*Data extracted from a collection*:
----------------------------------------
(* Let $H(X,Y,q)$ be the mirror curve polynomial described in the context, with Newton polygon $P$. There is $\epsilon>0$ such that for every $q\in(\mathbb{C}^* )^p$ with $|q_k|<\epsilon$ for all $k$, the (injective) map sending a connected component of $\mathbb{R}^2\setminus A_H$ to its order is surjective onto $P\cap\mathbb{Z}^2$; i.e. every lattice point of $P$ is the order of some connected component of $\mathbb{R}^2\setminus A_H$.
   Context: Let $P\subset\mathbb{R}^2$ be a convex lattice polygon with a unimodular triangulation $T_\Sigma$ (triangles with lattice vertices and area $1/2$; vertex set $P\cap\mathbb{Z}^2$), encoding a smooth toric Calabi–Yau 3-fold. Write $P\cap\mathbb{Z}^2=\{b_1,\dots,b_{p+3}\}$, $b_i=(m_i,n_i)$, with $b_1=(1,0)$, $b_2=(0,1)$, $b_3=(0,0)$ and $\sigma_1=\{b_1,b_2,b_3\}$ a triangle of $T_\Sigma$. Let $L=\ker(\mathbb{Z}^{p+3}\to\mathbb{Z}^3,\ e_i\mapsto(m_i,n_i,1))$, $D_i\in L^\vee$ the restriction of the $i$-th coordinate functional; for a triangle $\sigma$ with vertex index set $I'_\sigma$, $\{D_j:j\notin I'_\sigma\}$ is a basis of $L^\vee\otimes\mathbb{Q}$. Fix $H_1,\dots,H_p\in L^\vee\otimes\mathbb{Q}$ with $H_k=\sum_{j\notin I'_\sigma}s^\sigma_{k,j}D_j$, $s^\sigma_{k,j}\in\mathbb{Z}_{\ge0}$, $(s^\sigma_{k,j})$ nondegenerate, for every triangle $\sigma$. Set $a_i(q)=1$ ($i=1,2,3$), $a_i(q)=\prod_k q_k^{s^{\sigma_1}_{k,i}}$ ($i\ge4$), and $H(X,Y,q)=\sum_{i=1}^{p+3}a_i(q)X^{m_i}Y^{n_i}$. The amoeba of $H$ is $A_H=\mathrm{Log}(\{H=0\})\subset\mathbb{R}^2$, $\mathrm{Log}(x,y)=(\log|x|,\log|y|)$. For $w\in\mathbb{R}^2\setminus A_H$ its order is $v(w)\in\mathbb{Z}^2$, $v_j(w)=\frac{1}{(2\pi i)^2}\int_{\mathrm{Log}^{-1}(w)}\frac{z_j\partial_{z_j}H}{H}\frac{dz_1}{z_1}\wedge\frac{dz_2}{z_2}$ (with $z=(X,Y)$); it is constant on connected components of $\mathbb{R}^2\setminus A_H$, lies in $P$, and distinct components have distinct orders. *)

theory Defs
  imports "HOL-Analysis.Analysis"
begin

definition lpt :: "(nat \<Rightarrow> int) \<Rightarrow> (nat \<Rightarrow> int) \<Rightarrow> nat \<Rightarrow> real \<times> real" where
  "lpt m n i = (real_of_int (m i), real_of_int (n i))"

definition unimodular_triangle :: "(nat \<Rightarrow> int) \<Rightarrow> (nat \<Rightarrow> int) \<Rightarrow> nat set \<Rightarrow> bool" where
  "unimodular_triangle m n \<sigma> \<longleftrightarrow>
     (\<exists>i j k. \<sigma> = {i, j, k} \<and> i \<noteq> j \<and> i \<noteq> k \<and> j \<noteq> k \<and>
        \<bar>(m j - m i) * (n k - n i) - (m k - m i) * (n j - n i)\<bar> = 1)"

definition unimodular_triangulation ::
  "(nat \<Rightarrow> int) \<Rightarrow> (nat \<Rightarrow> int) \<Rightarrow> nat set \<Rightarrow> nat set set \<Rightarrow> bool" where
  "unimodular_triangulation m n V T \<longleftrightarrow>
     finite T \<and>
     (\<forall>\<sigma>\<in>T. \<sigma> \<subseteq> V \<and> unimodular_triangle m n \<sigma>) \<and>
     \<Union>T = V \<and>
     (\<Union>\<sigma>\<in>T. convex hull (lpt m n ` \<sigma>)) = convex hull (lpt m n ` V) \<and>
     (\<forall>\<sigma>\<in>T. \<forall>\<tau>\<in>T. convex hull (lpt m n ` \<sigma>) \<inter> convex hull (lpt m n ` \<tau>)
                      = convex hull (lpt m n ` (\<sigma> \<inter> \<tau>)))"

text \<open>The lattice L = ker(Z^N -> Z^3, e_i |-> (m_i, n_i, 1)), vectors indexed by {1..N}.\<close>
definition lattice_L :: "(nat \<Rightarrow> int) \<Rightarrow> (nat \<Rightarrow> int) \<Rightarrow> nat \<Rightarrow> (nat \<Rightarrow> int) set" where
  "lattice_L m n N = {l. (\<forall>i. i \<notin> {1..N} \<longrightarrow> l i = 0) \<and>
                        (\<Sum>i=1..N. l i * m i) = 0 \<and> (\<Sum>i=1..N. l i * n i) = 0 \<and>
                        (\<Sum>i=1..N. l i) = 0}"

definition det_sq :: "nat \<Rightarrow> (nat \<Rightarrow> nat \<Rightarrow> rat) \<Rightarrow> rat" where
  "det_sq d M = (\<Sum>\<pi> | \<pi> permutes {0..<d}. of_int (sign \<pi>) * (\<Prod>i<d. M i (\<pi> i)))"

text \<open>The p x p matrix (s^sigma_{k,j}), rows k = 1..p, columns j in {1..p+3} - sigma
  (listed in increasing order).\<close>
definition s_matrix :: "nat \<Rightarrow> (nat set \<Rightarrow> nat \<Rightarrow> nat \<Rightarrow> nat) \<Rightarrow> nat set \<Rightarrow> nat \<Rightarrow> nat \<Rightarrow> rat" where
  "s_matrix p s \<sigma> r c = of_nat (s \<sigma> (r + 1) (sorted_list_of_set ({1..p+3} - \<sigma>) ! c))"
----------------------------------------
*Assignment*: Going back to the entries above, set down exactly the lines that begin at the one with "theory Defs" and end at the one with "i = (real_of_int", both included, and nothing else.

*Written response*:
theory Defs
  imports "HOL-Analysis.Analysis"
begin

definition lpt :: "(nat \<Rightarrow> int) \<Rightarrow> (nat \<Rightarrow> int) \<Rightarrow> nat \<Rightarrow> real \<times> real" where
  "lpt m n i = (real_of_int (m i), real_of_int (n i))"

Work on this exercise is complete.